In order to (eventually) optimize memory usage patterns, CAReduce makes zero guarantees on the order in which it iterates over the dimensions and the elements of the array(s). Therefore, to ensure consistent variables, the scalar operation represented by the reduction must be both commutative and associative (eg add, multiply, maximum, binary or/and/xor - but not subtract, divide or power).

`c_code`(node, name, inames, onames, sub)[source]

Required: return the C implementation of an Op.

Returns C code that does the computation associated to this Op, given names for the inputs and outputs.

Parameters
• node (Apply instance) – The node for which we are compiling the current c_code. The same Op may be used in more than one node.

• name (str) – A name that is automatically assigned and guaranteed to be unique.

• inputs (list of strings) – There is a string for each input of the function, and the string is the name of a C variable pointing to that input. The type of the variable depends on the declared type of the input. There is a corresponding python variable that can be accessed by prepending “py_” to the name in the list.

• outputs (list of strings) – Each string is the name of a C variable where the Op should store its output. The type depends on the declared type of the output. There is a corresponding python variable that can be accessed by prepending “py_” to the name in the list. In some cases the outputs will be preallocated and the value of the variable may be pre-filled. The value for an unallocated output is type-dependent.

• sub (dict of strings) – Extra symbols defined in CLinker sub symbols (such as ‘fail’). WRITEME

Raises

MethodNotDefined – The subclass does not override this method.

`c_code_cache_version_apply`(node)[source]

Return a tuple of integers indicating the version of this Op.

An empty tuple indicates an ‘unversioned’ Op that will not be cached between processes.

The cache mechanism may erase cached modules that have been superceded by newer versions. See ModuleCache for details.

Notes

This function overrides c_code_cache_version unless it explicitly calls c_code_cache_version. The default implementation simply calls c_code_cache_version and ignores the node argument.

`c_headers`()[source]

Optional: Return a list of header files required by code returned by this class.

Examples

These strings will be prefixed with “#include ” and inserted at the beginning of the c source code.

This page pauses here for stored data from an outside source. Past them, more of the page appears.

lemma nn_integral_nonneg_deriv_finite:
  fixes F f :: "real \<Rightarrow> real"
  assumes "x0 < t1"
    and deriv: "\<And>x. x0 < x \<Longrightarrow> x \<le> t1 \<Longrightarrow> (F has_real_derivative f x) (at x)"
    and cont: "\<And>x. x0 < x \<Longrightarrow> x \<le> t1 \<Longrightarrow> isCont f x"
    and nonneg: "\<And>x. x0 < x \<Longrightarrow> x \<le> t1 \<Longrightarrow> 0 \<le> f x"
    and bounded: "\<And>x. x0 < x \<Longrightarrow> x \<le> t1 \<Longrightarrow> L \<le> F x"
  shows "(\<integral>\<^sup>+ x\<in>{x0<..<t1}. ennreal (f x) \<partial>lborel) < \<infinity>"
proof -
  have mono: "F s \<le> F s'" if "x0 < s" "s \<le> s'" "s' \<le> t1" for s s'
    by (rule DERIV_nonneg_imp_le[OF \<open>s \<le> s'\<close>, where f' = f]) (use that deriv nonneg in auto)
  have "(F \<longlongrightarrow> Inf (F ` ({x0<..} \<inter> {x0<..<t1}))) (at x0 within ({x0<..} \<inter> {x0<..<t1}))"
    by (rule Lim_right_bound[where K = L]) (use mono bounded in auto)
  moreover have "at x0 within ({x0<..} \<inter> {x0<..<t1}) = at_right x0"
    by (rule at_within_nhd[where S = "{..<t1}"]) (use \<open>x0 < t1\<close> in auto)
  ultimately have lim_left_end: "(F \<longlongrightarrow> Inf (F ` ({x0<..} \<inter> {x0<..<t1}))) (at_right x0)"
    by simp
  have "(F \<longlongrightarrow> F t1) (at_left t1)"
    using DERIV_isCont[OF deriv[of t1]] \<open>x0 < t1\<close>
    by (auto simp: isCont_def intro: tendsto_mono[OF at_within_le_at])
  then have "set_integrable lborel (einterval x0 t1) f"
    using \<open>x0 < t1\<close> lim_left_end deriv cont nonneg
    by (intro interval_integral_FTC_nonneg(1)[where F = F]) (auto simp: ereal_tendsto_simps1)
  then have "(\<integral>\<^sup>+ x. ennreal (indicator {x0<..<t1} x *\<^sub>R f x) \<partial>lborel) \<noteq> \<infinity>"
    by (auto simp: set_integrable_def)
  moreover have "(\<integral>\<^sup>+ x\<in>{x0<..<t1}. ennreal (f x) \<partial>lborel)
      = (\<integral>\<^sup>+ x. ennreal (indicator {x0<..<t1} x *\<^sub>R f x) \<partial>lborel)"
    by (auto intro!: nn_integral_cong simp: indicator_def)
  ultimately show ?thesis
    by (simp add: less_top)
qed

lemma abc_integral_finite_at_finite_end:
  fixes \<epsilon> a b c :: "real \<Rightarrow> real"
  assumes sol: "is_sol \<epsilon> a b c (eint (ereal x0) \<eta>)" and t0: "t0 \<in> eint (ereal x0) \<eta>"
  shows "(\<integral>\<^sup>+ t\<in>{x0<..t0}. ennreal (a t * b t * c t) \<partial>lborel) < \<infinity>"
proof -
  obtain t1 where "t0 < t1" "ereal t1 < \<eta>"
    using ereal_dense2[of t0 \<eta>] t0 by (auto simp: eint_def)
  have "x0 < t0"
    using t0 by (simp add: eint_def)
  have "x \<in> eint (ereal x0) \<eta>" if "x0 < x" "x \<le> t1" for x
    using that \<open>ereal t1 < \<eta>\<close> by (auto simp: eint_def) (metis ereal_less_eq(3) le_less_trans)
  then have pos: "0 < a x" "0 < b x" "0 < c x"
    and a_deriv: "(a has_real_derivative a x * (- (a x)\<^sup>2 + (c x)\<^sup>2) / 2) (at x)"
    and b_deriv: "(b has_real_derivative b x * ((a x)\<^sup>2 + (c x)\<^sup>2) / 2) (at x)"
    and c_deriv: "(c has_real_derivative c x * ((a x)\<^sup>2 - (c x)\<^sup>2 + 2 * (a x * b x)\<^sup>2
          + 2 * \<epsilon> (b x) * (a x)\<^sup>2) / 2) (at x)"
    if "x0 < x" "x \<le> t1" for x
    using sol that unfolding is_sol_def by blast+
  define f where "f x = b x * ((a x)\<^sup>2 + (c x)\<^sup>2) / 2" for x
  have "(\<integral>\<^sup>+ x\<in>{x0<..<t1}. ennreal (f x) \<partial>lborel) < \<infinity>"
  proof (rule nn_integral_nonneg_deriv_finite[where F = b and L = 0])
    show "x0 < t1"
      using \<open>x0 < t0\<close> \<open>t0 < t1\<close> by simp
    fix x assume x: "x0 < x" "x \<le> t1"
    show "(b has_real_derivative f x) (at x)"
      using b_deriv[OF x] by (simp add: f_def)
    show "isCont f x"
      unfolding f_def using DERIV_isCont[OF a_deriv[OF x]] DERIV_isCont[OF b_deriv[OF x]]
        DERIV_isCont[OF c_deriv[OF x]]
      by (intro continuous_intros) simp_all
    show "0 \<le> f x" "0 \<le> b x"
      using pos[OF x] by (simp_all add: f_def)
  qed
  moreover have "(\<integral>\<^sup>+ t\<in>{x0<..t0}. ennreal (a t * b t * c t) \<partial>lborel)
      \<le> (\<integral>\<^sup>+ x\<in>{x0<..<t1}. ennreal (f x) \<partial>lborel)"
  proof (intro nn_integral_mono)
    fix x
    have "a x * b x * c x \<le> f x" if "x0 < x" "x \<le> t1"
    proof -
      have "b x * (2 * (a x * c x)) \<le> b x * ((a x)\<^sup>2 + (c x)\<^sup>2)"
        using sum_squares_bound[of "a x" "c x"] pos[OF that] by (intro mult_left_mono) auto
      then show ?thesis
        by (simp add: f_def algebra_simps)
    qed
    then show "ennreal (a x * b x * c x) * indicator {x0<..t0} x
        \<le> ennreal (f x) * indicator {x0<..<t1} x"
      using \<open>t0 < t1\<close> by (auto simp: indicator_def intro: ennreal_leI)
  qed
  ultimately show ?thesis
    by (simp add: order_le_less_trans)
qed

locale left_unbounded_solution =
  fixes \<epsilon> a b c :: "real \<Rightarrow> real" and \<eta> :: ereal
  assumes admissible: "admissible_eps \<epsilon>"
    and solution: "is_sol \<epsilon> a b c {t. ereal t < \<eta>}"
begin

definition cbound :: "real \<Rightarrow> real" where
  "cbound t = (a t)\<^sup>2 * (1 + 2 * ((b t)\<^sup>2 + \<epsilon> (b t)))"

definition cbound' :: "real \<Rightarrow> real" where
  "cbound' t = (a t)\<^sup>2 * ((c t)\<^sup>2 - (a t)\<^sup>2) * (1 + 2 * ((b t)\<^sup>2 + \<epsilon> (b t)))
    + (a t)\<^sup>2 * ((a t)\<^sup>2 + (c t)\<^sup>2) * b t * (2 * b t + deriv \<epsilon> (b t))"

lemma in_domain_below: "t \<le> s \<Longrightarrow> ereal s < \<eta> \<Longrightarrow> ereal t < \<eta>"
  by (metis ereal_less_eq(3) le_less_trans)

lemma eps_nonneg: "0 \<le> x \<Longrightarrow> 0 \<le> \<epsilon> x"
  using admissible by (simp add: admissible_eps_def)

lemma eps_has_deriv: "(\<epsilon> has_real_derivative deriv \<epsilon> x) (at x)"
  using admissible by (simp add: admissible_eps_def smooth_real_has_deriv)

lemma deriv_eps_gt: "0 < x \<Longrightarrow> - 2 * x < deriv \<epsilon> x"
  using admissible by (simp add: admissible_eps_def)

context
  fixes t :: real
  assumes t: "ereal t < \<eta>"
begin

lemma positive: "0 < a t" "0 < b t" "0 < c t"
  using solution t by (simp_all add: is_sol_def)

lemma a_sq_deriv: "((\<lambda>t. (a t)\<^sup>2) has_real_derivative (a t)\<^sup>2 * ((c t)\<^sup>2 - (a t)\<^sup>2)) (at t)"
proof -
  have "(a has_real_derivative a t * (- (a t)\<^sup>2 + (c t)\<^sup>2) / 2) (at t)"
    using solution t by (simp add: is_sol_def)
  then show ?thesis
    by (rule derivative_eq_intros refl)+ (simp add: power2_eq_square field_simps)
qed

lemma b_sq_deriv: "((\<lambda>t. (b t)\<^sup>2) has_real_derivative (b t)\<^sup>2 * ((a t)\<^sup>2 + (c t)\<^sup>2)) (at t)"
proof -
  have "(b has_real_derivative b t * ((a t)\<^sup>2 + (c t)\<^sup>2) / 2) (at t)"
    using solution t by (simp add: is_sol_def)
  then show ?thesis
    by (rule derivative_eq_intros refl)+ (simp add: power2_eq_square field_simps)
qed

lemma c_sq_deriv: "((\<lambda>t. (c t)\<^sup>2) has_real_derivative (c t)\<^sup>2 * (cbound t - (c t)\<^sup>2)) (at t)"
proof -
  have "(c has_real_derivative c t * ((a t)\<^sup>2 - (c t)\<^sup>2 + 2 * (a t * b t)\<^sup>2
      + 2 * \<epsilon> (b t) * (a t)\<^sup>2) / 2) (at t)"
    using solution t by (simp add: is_sol_def)
  then show ?thesis
    by (rule derivative_eq_intros refl)+ (simp add: cbound_def power2_eq_square field_simps)
qed

lemma cbound_deriv: "(cbound has_real_derivative cbound' t) (at t)"
proof -
  have "(b has_real_derivative b t * ((a t)\<^sup>2 + (c t)\<^sup>2) / 2) (at t)"
    using solution t by (simp add: is_sol_def)
  then have "((\<lambda>t. \<epsilon> (b t)) has_real_derivative deriv \<epsilon> (b t) * (b t * ((a t)\<^sup>2 + (c t)\<^sup>2) / 2)) (at t)"
    by (rule DERIV_chain2[OF eps_has_deriv])
  from DERIV_add[OF DERIV_const DERIV_cmult[OF DERIV_add[OF b_sq_deriv this], where c = 2]]
  have "((\<lambda>t. 1 + 2 * ((b t)\<^sup>2 + \<epsilon> (b t))) has_real_derivative
      0 + 2 * ((b t)\<^sup>2 * ((a t)\<^sup>2 + (c t)\<^sup>2) + deriv \<epsilon> (b t) * (b t * ((a t)\<^sup>2 + (c t)\<^sup>2) / 2))) (at t)"
    by (rule DERIV_cong) simp
  from DERIV_mult[OF a_sq_deriv this] show ?thesis
    unfolding cbound_def[abs_def]
    by (rule DERIV_cong) (simp add: cbound'_def power2_eq_square field_simps)
qed

lemma a_sq_le_cbound: "(a t)\<^sup>2 \<le> cbound t"
  using eps_nonneg[of "b t"] positive by (simp add: cbound_def)

end
(* Fix $L,V,W,K>0$, $\pi\in(0,1)$, $k_0\in[0,K]$, and let $\bar g=\min\{\phi_1,\pi C,\phi_2\}$ with $\phi_1=\frac{k_0}{k_1}\pi C$, $\phi_2=\frac{K-k_0}{K-k_2}\pi C$, where $k_1\in[\pi\bar K,\bar K]$ and $k_2\in[\bar K,K-\pi\frac CW]$ are as in the context (depending on the cycle length $T$). Then: (1) If $k_0\in[0,\pi\bar K)$, then $\bar g=\phi_1$, which decreases in $k_1$ and is independent of $k_2$; the global maximum of $\bar g$ is $Vk_0$, attained when $T=\frac1{j_1}\frac LV$ (positive integer $j_1$), and the global minimum is $\pi Vk_0$, attained when $T\ge\frac1\pi\frac LV$. (2) If $k_0\in[\pi\bar K,\bar K)$, then $\bar g=\min\{\phi_1,\pi C\}$, which is constant for $k_1\in[\pi\bar K,k_0]$, decreasing for $k_1\in(k_0,\bar K]$, and independent of $k_2$; the global maximum is $\pi C$, and the global minimum is $\pi Vk_0$, attained when $T\ge\frac1\pi\frac LV$. (3) If $k_0=\bar K$, then $\bar g=\pi C$ for all $k_1,k_2$. (4) If $k_0\in(\bar K,K-\pi\frac CW]$, then $\bar g=\min\{\phi_2,\pi C\}$, which is increasing for $k_2\in[\bar K,k_0)$, constant for $k_2\in[k_0,K-\pi\frac CW]$, and independent of $k_1$; the global maximum is $\pi C$, and the global minimum is $\pi(K-k_0)W$, attained when $T\ge\frac1\pi\frac LW$. (5) If $k_0\in(K-\pi\frac CW,K]$, then $\bar g=\phi_2$, which increases in $k_2$ and is independent of $k_1$; the global maximum is $(K-k_0)W$, attained when $T=\frac1{j_2}\frac LW$ (positive integer $j_2$), and the global minimum is $\pi(K-k_0)W$, attained when $T\ge\frac1\pi\frac LW$.
   Context: $\bar K=\frac{W}{V+W}K$, $C=V\bar K$. For cycle length $T>0$: $\frac LV=(j_1+\alpha_1)T$, $j_1=\lfloor L/(VT)\rfloor$, $0\le\alpha_1<1$; $\frac LW=(j_2+\alpha_2)T$, $j_2=\lfloor L/(WT)\rfloor$, $0\le\alpha_2<1$; $k_1=\frac{j_1+\min\{\alpha_1/\pi,1\}}{j_1+\alpha_1}\pi\bar K$, $k_2=K-\frac{j_2+\min\{\alpha_2/\pi,1\}}{j_2+\alpha_2}\pi\frac CW$. Here $\bar g$ is the average flow-rate in stationary states (periodic with period $T$) of a ring road of length $L$ with LWR traffic, triangular fundamental diagram $\min\{Vk,(K-k)W\}$, average density $k_0$, and a pretimed signal with cycle length $T$ and effective green ratio $\pi$. *)

theory Defs
  imports Complex_Main
begin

Strings in this list that start neither with ‘<’ nor ‘”’ will be enclosed in double-quotes.

Raises

MethodNotDefined – Subclass does not implement this method.

`make_node`(input)[source]

Create a “apply” nodes for the inputs in that order.

`perform`(node, inp, out)[source]

Required: Calculate the function on the inputs and put the variables in the output storage. Return None.

Parameters
• node (Apply instance) – Contains the symbolic inputs and outputs.

• inputs (list) – Sequence of inputs (immutable).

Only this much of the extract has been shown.